Your Show of Shows
Art gallery picks of the month: More is more, you've got mail and the art of charity
Maximalism is the new minimalism, charity is the new chic, and everyone loves getting a piece of mail. Or so one can surmise from this round-up of the last essential shows of the summer.
SATURATION POINTS and SOUTHERN OBSESSIONS, Lilian Garcia-Roig and Mark Messersmith, at Valley House Gallery & Sculpture Garden
Opening reception: August 24, 6-8:30 pm
Art talk with Lilian Garcia-Roig: September 14, 11 am
Exhibition dates: August 24-September 21
Minimalism is easily defined, but maximalism is a little harder to put one’s finger on. Tallahassee, Florida-based artists Lilian Garcia-Roig and Mark Messersmith both subscribe to a “more is more” philosophy that makes their upcoming dual show at Valley House a treat for the senses.
Responding to the natural world with a narrative and dialogue not often present in your typical painting of a pretty vista, Garcia-Roig’s layered landscapes and Messersmith’s “aesthetic overdose” of floral and fauna may take the viewer more than a second look to fully absorb.
“Lilian works very intensely with landscapes; she loves the edges and transition areas,” says Valley House director Laura Green. “And Mark makes his paintings like sculptures. They have diorama elements and pediments, which plays into maximalism.
“They both have this desire to have more in their work, and even though it’s very different, that’s a common thread.”

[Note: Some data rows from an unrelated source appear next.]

lemma core_mass_bounds:
  assumes i: "i \<in> {1..act p}"
  defines "n \<equiv> diag_index p" and "x \<equiv> prof_center i (diag_index p)" and "g \<equiv> real (radius i p)"
  shows "prof_mass i - 2 * tol i p \<le> nu n (ball x (\<phi> g))"
    and "nu n (ball x (\<phi> g)) \<le> nu n (ball x g)"
    and "nu n (ball x g) \<le> prof_mass i + tol i p"
    and "\<phi> g \<le> g"
proof -
  have act: "active i" by (rule active_if_in_act[OF i])
  have N: "N0 \<le> n" unfolding n_def by (rule diag_index_ge_N0)
  define q where "q = nat \<lfloor>\<phi> g\<rfloor>"
  have phi: "0 \<le> \<phi> g" "\<phi> g \<le> g" unfolding g_def by (simp_all add: phi_nonneg phi_le)
  then show "\<phi> g \<le> g" by simp
  have "q \<le> radius i p" "real q \<le> \<phi> g" unfolding q_def using phi by (simp_all add: g_def) linarith+
  have "\<bar>nu n (ball x (real q)) - prof_radial i q\<bar> \<le> tol i p"
    unfolding n_def x_def by (rule diag_ball_mass_close[OF i \<open>q \<le> radius i p\<close>])
  moreover have "prof_mass i - prof_radial i q < tol i p"
    using radius_spec[OF act, of p] unfolding q_def g_def by blast
  moreover have "nu n (ball x (real q)) \<le> nu n (ball x (\<phi> g))"
    by (rule nu_ball_mono[OF N \<open>real q \<le> \<phi> g\<close>])
  ultimately show "prof_mass i - 2 * tol i p \<le> nu n (ball x (\<phi> g))" by linarith
  show "nu n (ball x (\<phi> g)) \<le> nu n (ball x g)" by (rule nu_ball_mono[OF N \<open>\<phi> g \<le> g\<close>])
  have "\<bar>nu n (ball x g) - prof_radial i (radius i p)\<bar> \<le> tol i p"
    unfolding n_def x_def g_def by (rule diag_ball_mass_close[OF i order_refl])
  moreover have "prof_radial i (radius i p) \<le> prof_mass i" by (rule active_profile(4)[OF act])
  ultimately show "nu n (ball x g) \<le> prof_mass i + tol i p" by linarith
qed

lemma core_mass_tendsto:
  assumes "active i"
  shows "(\<lambda>p. nu (diag_index p) (ball (prof_center i (diag_index p)) (\<phi> (real (radius i p)))))
           \<longlonglongrightarrow> prof_mass i"
proof (rule tendsto_sandwich)
  obtain p0 where "1 \<le> i" "i \<le> act p0" using assms unfolding active_def by blast
  then have act: "eventually (\<lambda>p. i \<in> {1..act p}) sequentially"
    unfolding eventually_sequentially using act_le_act by auto
  show "eventually (\<lambda>p. prof_mass i - 2 * tol i p
          \<le> nu (diag_index p) (ball (prof_center i (diag_index p)) (\<phi> (real (radius i p))))) sequentially"
    using act by eventually_elim (rule core_mass_bounds(1))
  show "eventually (\<lambda>p. nu (diag_index p) (ball (prof_center i (diag_index p)) (\<phi> (real (radius i p))))
          \<le> prof_mass i + tol i p) sequentially"
    using act by eventually_elim (use core_mass_bounds(2,3) in fastforce)
  show "(\<lambda>p. prof_mass i - 2 * tol i p) \<longlonglongrightarrow> prof_mass i"
    using tendsto_diff[OF tendsto_const tendsto_mult_right_zero[OF tol_tendsto_0]] by simp
  show "(\<lambda>p. prof_mass i + tol i p) \<longlonglongrightarrow> prof_mass i"
    using tendsto_add[OF tendsto_const tol_tendsto_0] by simp
qed

lemma core_emeasure_tendsto:
  assumes "active i"
  shows "(\<lambda>p. emeasure (\<mu> (diag_index p)) (ball (prof_center i (diag_index p)) (\<phi> (real (radius i p)))))
           \<longlonglongrightarrow> ennreal (prof_mass i)"
  using tendsto_ennrealI[OF core_mass_tendsto[OF assms]] by (simp add: emeasure_eq_nu diag_index_ge_N0)

lemma annulus_emeasure_le:
  assumes i: "i \<in> {1..act p}"
  shows "emeasure (\<mu> (diag_index p)) (ball (prof_center i (diag_index p)) (real (radius i p))
           - ball (prof_center i (diag_index p)) (\<phi> (real (radius i p)))) \<le> ennreal (1 / 2 ^ (p + i))"
proof -
  let ?n = "diag_index p" and ?x = "prof_center i (diag_index p)" and ?g = "real (radius i p)"
  have N: "N0 \<le> ?n" by (rule diag_index_ge_N0)
  have "ball ?x (\<phi> ?g) \<subseteq> ball ?x ?g" using core_mass_bounds(4)[OF i] by auto
  then have "nu ?n (ball ?x ?g - ball ?x (\<phi> ?g)) = nu ?n (ball ?x ?g) - nu ?n (ball ?x (\<phi> ?g))"
    by (intro finite_measure.finite_measure_Diff[OF finite_measure_mu[OF N]]) (auto simp: sets_mu[OF N])
  also have "\<dots> \<le> 3 * tol i p" using core_mass_bounds(1,3)[OF i] by linarith
  also have "\<dots> \<le> 4 * tol i p" using tol_pos[of i p] by simp
  also have "\<dots> = 1 / 2 ^ (p + i)" by (simp add: tol_def power_add)
  finally show ?thesis by (simp add: emeasure_eq_nu[OF N] ennreal_leI)
qed

lemma mass_outside_ball_le:
  assumes i: "i \<in> {1..act p}" and "q \<le> radius i p"
  defines "n \<equiv> diag_index p" and "x \<equiv> prof_center i (diag_index p)"
  shows "nu n (ball x (real (radius i p)) - ball x (real q)) \<le> prof_mass i - prof_radial i q + 2 * tol i p"
proof -
  have N: "N0 \<le> n" unfolding n_def by (rule diag_index_ge_N0)
  have "ball x (real q) \<subseteq> ball x (real (radius i p))" using assms(2) by auto
  then have "nu n (ball x (real (radius i p)) - ball x (real q))
      = nu n (ball x (real (radius i p))) - nu n (ball x (real q))"
    by (intro finite_measure.finite_measure_Diff[OF finite_measure_mu[OF N]]) (auto simp: sets_mu[OF N])
  moreover have "prof_radial i q - tol i p \<le> nu n (ball x (real q))"
    using diag_ball_mass_close[OF assms(1,2)] unfolding n_def x_def by (simp add: abs_le_iff)
  ultimately show ?thesis using core_mass_bounds(3)[OF i] unfolding n_def x_def by linarith
qed

lemma concentrates_diag:
  assumes i: "1 \<le> i" and act: "\<And>p. p0 \<le> p \<Longrightarrow> i \<le> act p"
  shows "concentrates_from p0
    (\<lambda>p. restr (\<mu> (diag_index p)) (ball (prof_center i (diag_index p)) (real (radius i p))))
    (\<lambda>p. prof_center i (diag_index p))"
  unfolding concentrates_from_def
proof (intro allI impI)
  fix \<epsilon> :: real assume "0 < \<epsilon>"
  have "active i" using assms unfolding active_def by blast
  have "eventually (\<lambda>R. dist (prof_radial i R) (prof_mass i) < \<epsilon> / 2) sequentially"
    using tendstoD[OF active_profile(3)[OF \<open>active i\<close>], of "\<epsilon> / 2"] \<open>0 < \<epsilon>\<close> by simp
  then obtain R0 where "dist (prof_radial i R0) (prof_mass i) < \<epsilon> / 2"
    unfolding eventually_sequentially by blast
  then have R0: "prof_mass i - prof_radial i R0 < \<epsilon> / 2"
    using abs_ge_minus_self[of "prof_radial i R0 - prof_mass i"] unfolding dist_real_def by linarith
  have "eventually (\<lambda>p. tol i p < \<epsilon> / 4) sequentially"
    using order_tendstoD(2)[OF tol_tendsto_0, of "\<epsilon> / 4" i] \<open>0 < \<epsilon>\<close> by simp
  then obtain P1 where P1: "\<And>p. P1 \<le> p \<Longrightarrow> tol i p < \<epsilon> / 4"
    unfolding eventually_sequentially by blast
  define P where "P = max P1 p0"
  define R where "R = max R0 (radius i P)"
  have "0 < real R" using radius_spec[OF \<open>active i\<close>, of P] unfolding R_def by linarith
  moreover have "emeasure (restr (\<mu> (diag_index p)) (ball (prof_center i (diag_index p)) (real (radius i p))))
      (UNIV - ball (prof_center i (diag_index p)) (real R)) < ennreal \<epsilon>" if "p0 \<le> p" for p
  proof -
    let ?n = "diag_index p" and ?x = "prof_center i (diag_index p)" and ?g = "real (radius i p)"
    have N: "N0 \<le> ?n" by (rule diag_index_ge_N0)
    have "emeasure (restr (\<mu> ?n) (ball ?x ?g)) (UNIV - ball ?x (real R))
        = ennreal (nu ?n (ball ?x ?g - ball ?x (real R)))"
      by (subst emeasure_restr) (auto simp: sets_mu[OF N] emeasure_eq_nu[OF N] Diff_eq)
    moreover have "nu ?n (ball ?x ?g - ball ?x (real R)) < \<epsilon>"
    proof (cases "radius i p \<le> R")
      case True
      then have "ball ?x ?g - ball ?x (real R) = {}" by auto
      with \<open>0 < \<epsilon>\<close> show ?thesis by (metis measure_empty)
    next
      case False
      then have "P < p" using radius_mono[OF \<open>active i\<close>, of p P] unfolding R_def by fastforce
      then have ip: "i \<in> {1..act p}" using act[of p] i unfolding P_def by auto
      have "prof_radial i R0 \<le> prof_radial i R"
        using active_profile(2)[OF \<open>active i\<close>] by (simp add: incseqD R_def)
      moreover have "tol i p < \<epsilon> / 4" using P1 \<open>P < p\<close> unfolding P_def by simp
      ultimately show ?thesis using mass_outside_ball_le[OF ip, of R] False R0 by linarith
    qed
    ultimately show ?thesis using \<open>0 < \<epsilon>\<close> by (simp add: ennreal_lessI)
  qed
  ultimately show "\<exists>R>0. \<forall>p\<ge>p0. emeasure (restr (\<mu> (diag_index p))
      (ball (prof_center i (diag_index p)) (real (radius i p))))
      (UNIV - ball (prof_center i (diag_index p)) R) < ennreal \<epsilon>"
    by blast
qed

definition remainder :: "nat \<Rightarrow> nat \<Rightarrow> 'a set" where
  "remainder l p = UNIV - (\<Union>i\<in>{1..l}. ball (prof_center i (diag_index p)) (real (radius i p)))"

lemma remainder_borel: "remainder l p \<in> sets borel"
  unfolding remainder_def by (rule complement_UN_balls_borel)

lemma remainder_heavy_ball_far:
  assumes "i \<in> {1..l}" and "0 \<le> b" and "b < nu (diag_index p) (remainder l p \<inter> ball z t)"
  shows "real (radius i p) < dist z (prof_center i (diag_index p)) + t"
proof (rule ccontr)
  assume "\<not> ?thesis"
  then have "ball z t \<subseteq> ball (prof_center i (diag_index p)) (real (radius i p))"
    by (intro ball_subset_ball_dist) simp
  then have "remainder l p \<inter> ball z t = {}" unfolding remainder_def using assms(1) by auto
  with assms(2,3) show False by simp
qed

(* Heavy remainder balls cannot stay at bounded distance from a centre i \<le> l, whose ball radius
   grows to infinity, so they escape from all these centres. *)
lemma heavy_remainder_balls_le_residual:
  assumes l: "l \<le> act p0" and P: "infinite P" "P \<subseteq> {p0..}" and "0 \<le> b"
    and heavy: "\<And>p. p \<in> P \<Longrightarrow> b < nu (diag_index p) (remainder l p \<inter> ball (y p) t)"
  shows "b \<le> residual_mass l"
proof -
  have inj: "inj diag_index" by (rule strict_mono_imp_inj_on[OF strict_mono_diag_index])
  define Y where "Y n = y (inv diag_index n)" for n
  have Y: "Y (diag_index p) = y p" for p unfolding Y_def using inv_f_f[OF inj] by simp
  define S where "S = diag_index ` P"
  have "infinite S"
    unfolding S_def using P(1) finite_imageD[OF _ inj_on_subset[OF inj subset_UNIV]] by blast
  moreover have "S \<subseteq> stage_set l"
    unfolding S_def using P(2) diag_index_in_stage_set act_le_act[OF l] by auto
  ultimately have S: "infinite S" "S \<subseteq> stage_set l" by blast+
  obtain T where T: "T \<subseteq> S" "infinite T"
    and dich: "\<forall>i\<in>{1..l}. (\<exists>K. \<forall>n\<in>T. dist (Y n) (prof_center i n) \<le> K)
                  \<or> filterlim (\<lambda>n. dist (Y n) (prof_center i n)) at_top (along T)"
    using finite_family_bounded_or_tendsto_at_top_along[OF finite_atLeastAtMost S(1),
        where d = "\<lambda>i n. dist (Y n) (prof_center i n)"] by blast
  show ?thesis
  proof (cases "\<exists>i\<in>{1..l}. \<exists>K. \<forall>n\<in>T. dist (Y n) (prof_center i n) \<le> K")
    case True
    then obtain i K where i: "i \<in> {1..l}" and K: "\<forall>n\<in>T. dist (Y n) (prof_center i n) \<le> K" by blast
    have "infinite (P \<inter> diag_index -` T)"
    proof
      assume "finite (P \<inter> diag_index -` T)"
      moreover have "T \<subseteq> diag_index ` (P \<inter> diag_index -` T)" using T(1) unfolding S_def by auto
      ultimately show False using T(2) finite_surj by blast
    qed
    then obtain p where p: "p \<in> P" "diag_index p \<in> T" "nat \<lceil>K + t\<rceil> \<le> p"
      unfolding infinite_nat_iff_unbounded_le by blast
    have "p0 \<le> p" using P(2) p(1) by auto
    then have ip: "i \<in> {1..act p}" using i act_le_act[OF l, of p] by auto
    have "K + t < real (radius i p)"
      using radius_spec[OF active_if_in_act[OF ip], of p] p(3) by linarith
    moreover have "dist (y p) (prof_center i (diag_index p)) \<le> K" using K p(2) Y by metis
    ultimately show ?thesis using remainder_heavy_ball_far[OF i \<open>0 \<le> b\<close> heavy[OF p(1)]] by linarith
  next
    case False
    with dich have diverge: "\<forall>i\<in>{1..l}. filterlim (\<lambda>n. dist (Y n) (prof_center i n)) at_top (along T)"
      by blast
    have "b \<le> nu n (ball (Y n) t)" if nT: "n \<in> T" for n
    proof -
      obtain p where p: "p \<in> P" "n = diag_index p" using nT T(1) unfolding S_def by blast
      then have "b < nu n (remainder l p \<inter> ball (Y n) t)" using heavy Y by simp
      also have "\<dots> \<le> nu n (ball (Y n) t)" using p(2) diag_index_ge_N0 by (intro nu_mono) auto
      finally show ?thesis by simp
    qed
    then show ?thesis unfolding residual_mass_def
      using heavy_escaping_balls_le_escaping_mass[OF T(2) _ stage_set_subset diverge] T(1) S(2) by blast
  qed
qed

Garcia-Roig — who is also unveiling a September show at the McKinney Avenue Contemporary and prepping for an October visiting artist stint at SMU — is a longtime exhibitor at Valley House who brought Messersmith into the fold. Together, their show has a lusciousness reflected in their unique techniques and the verdant scenery they portray.
PICKING UP THE PIECES, various artists, at Gallery at Midtown
Exhibition and auction date: August 17, 6 pm
One man’s trash is another man’s treasure. The devastation of the recent Cleburne, Texas and Shawnee, Oklahoma tornadoes resulted in a plethora of debris — raw materials that led to inspiration for more than 100 Dallas-based artists.
This local talent spent six weeks transforming repurposed items — everything from Christmas ornaments to a fur stole — into original artwork to be auctioned off to benefit those affected by these disasters.
GOING POSTAL, work by Michael Corris, Gary Farrelly, John Pomara and Sam Schonzeit, at RE Gallery
Opening reception: August 16, 7-10 pm
Art talk: August 18, 7-9 pm
Exhibition dates: August 16-September 14
With the disappearance of the well-written letter and the decline of the thank you note, getting a tangible object via the U.S. mail that isn’t a Pottery Barn catalog has never been more desirable.
Imagine if that tangible object was a piece of art? That is the premise behind curator and gallery owner Wanda Dye’s upcoming show “Going Postal.” Featuring painters living in locales as far-flung as Pickering Forest, Ireland, and Marfa, Texas, the exhibit explores a diverse collective of art production, processes and materials all linked by the act of mailing.
“Gary Farrelly approached me last summer wanting to do a mail art show and started sending me art from January up until now,” Dye says. “I opened the show up to practices that engage through material or the process of mailing artwork using the postal system as a curatorial system.”
Pieces are as diverse as Sam Schonzeit’s colorful postcards or John Pomara’s Pantone-ized subscription cards, and some have changed or evolved as they moved through the postal system — a surprisingly mutable journey for these original, accessible works.